But they aren't without some risk. They're called junk bonds for a reason. If the economy turns down again or interest rates really start to rise, these funds are likely to fall in value... possibly by a great deal. So I don't recommend large positions in them today, and if you've got profits, it's probably a good idea to take some money off the table.
Sure, you could buy investment-grade corporate bonds, but they're not paying much more than Treasury bonds or blue-chip stocks these days, and they've rallied so much over the past year that the upside is probably limited at this point.
Crux: So you're recommending readers buy stocks instead?
Eifrig: Yes, but not just any stocks. I'm talking about a select group of high-quality dividend-paying stocks.

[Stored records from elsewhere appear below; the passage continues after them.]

lemma douglas_rachford_op_contraction:
  fixes F :: "'a::{real_inner,complete_space} \<Rightarrow> 'a" and B :: "'a \<Rightarrow> 'a set"
  assumes mono: "monotone_op (\<lambda>x. {F x})" and lip: "L-lipschitz_on UNIV F"
    and maxB: "maximally_monotone_op B" and strong: "strongly_monotone_op \<mu> B"
    and "0 < \<mu>" "0 < \<gamma>" and K: "(1 + \<gamma> * L)\<^sup>2 * (2 + 1 / (\<gamma> * \<mu>)) \<le> K"
  shows "is_contraction (sqrt (1 - 1 / K)) (douglas_rachford_op \<gamma> (\<lambda>x. {F x}) B)"
  unfolding is_contraction_def
proof (intro allI)
  fix x x' :: 'a
  have maxF: "maximally_monotone_op (\<lambda>x. {F x})"
    using continuous_monotone_imp_maximally_monotone[OF mono lipschitz_on_continuous_on[OF lip]] .
  obtain p q w where x: "x = p + \<gamma> *\<^sub>R F p" and "w \<in> B q" and w: "\<gamma> *\<^sub>R w = p - \<gamma> *\<^sub>R F p - q"
    and Tx: "douglas_rachford_op \<gamma> (\<lambda>x. {F x}) B x = \<gamma> *\<^sub>R F p + q"
    using douglas_rachford_op_decomposition[OF maxF maxB \<open>0 < \<gamma>\<close>] .
  obtain p' q' w' where x': "x' = p' + \<gamma> *\<^sub>R F p'" and "w' \<in> B q'" and w': "\<gamma> *\<^sub>R w' = p' - \<gamma> *\<^sub>R F p' - q'"
    and Tx': "douglas_rachford_op \<gamma> (\<lambda>x. {F x}) B x' = \<gamma> *\<^sub>R F p' + q'"
    using douglas_rachford_op_decomposition[OF maxF maxB \<open>0 < \<gamma>\<close>] .
  have dw: "\<gamma> *\<^sub>R (w - w') = (p - p') - \<gamma> *\<^sub>R (F p - F p') - (q - q')"
    using w w' by (simp add: scaleR_diff_right algebra_simps)
  have "\<mu> * (norm (q - q'))\<^sup>2 \<le> inner (q - q') (w - w')"
    using strong \<open>w \<in> B q\<close> \<open>w' \<in> B q'\<close> unfolding strongly_monotone_op_def by blast
  then have "\<gamma> * \<mu> * (norm (q - q'))\<^sup>2 \<le> inner (q - q') (\<gamma> *\<^sub>R (w - w'))"
    using \<open>0 < \<gamma>\<close> by (simp add: mult.assoc mult_left_mono)
  then have "\<gamma> * \<mu> * (norm (q - q'))\<^sup>2 \<le> inner (q - q') ((p - p') - \<gamma> *\<^sub>R (F p - F p') - (q - q'))"
    unfolding dw .
  moreover have "0 \<le> inner (p - p') (F p - F p')"
    using mono unfolding monotone_op_def by blast
  moreover have "norm (F p - F p') \<le> L * norm (p - p')"
    using lipschitz_onD[OF lip] by (simp add: dist_norm)
  ultimately have "(norm (\<gamma> *\<^sub>R (F p - F p') + (q - q')))\<^sup>2
      \<le> (1 - 1 / K) * (norm ((p - p') + \<gamma> *\<^sub>R (F p - F p')))\<^sup>2"
    using \<open>0 < \<gamma>\<close> \<open>0 < \<mu>\<close> lipschitz_on_nonneg[OF lip] K
    by (intro douglas_rachford_difference_estimate) auto
  then have "norm (\<gamma> *\<^sub>R (F p - F p') + (q - q')) \<le> sqrt (1 - 1 / K) * norm ((p - p') + \<gamma> *\<^sub>R (F p - F p'))"
    by (metis real_sqrt_abs real_sqrt_le_mono real_sqrt_mult abs_norm_cancel)
  moreover have "\<gamma> *\<^sub>R (F p - F p') + (q - q') = (\<gamma> *\<^sub>R F p + q) - (\<gamma> *\<^sub>R F p' + q')"
    and "(p - p') + \<gamma> *\<^sub>R (F p - F p') = x - x'"
    unfolding x x' by (simp_all add: algebra_simps)
  ultimately show "norm (douglas_rachford_op \<gamma> (\<lambda>x. {F x}) B x - douglas_rachford_op \<gamma> (\<lambda>x. {F x}) B x')
      \<le> sqrt (1 - 1 / K) * norm (x - x')"
    unfolding Tx Tx' by simp
qed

For any readers who may not be totally familiar, a dividend is just money that a company pays to shareholders. It's basically your cut of the company's profits. A long history of paying dividends is the mark of a top company. It means they've been successful and profitable. Companies can fudge numbers and use accounting tricks to make the quarterly earnings look better than they actually are, but you can't fake a dividend payment.
Keeping a portion of your portfolio in dividend-paying stocks is one of the great secrets to building long-term wealth. And today, we've got an opportunity to buy some of the world's best dividend stocks at fantastic prices.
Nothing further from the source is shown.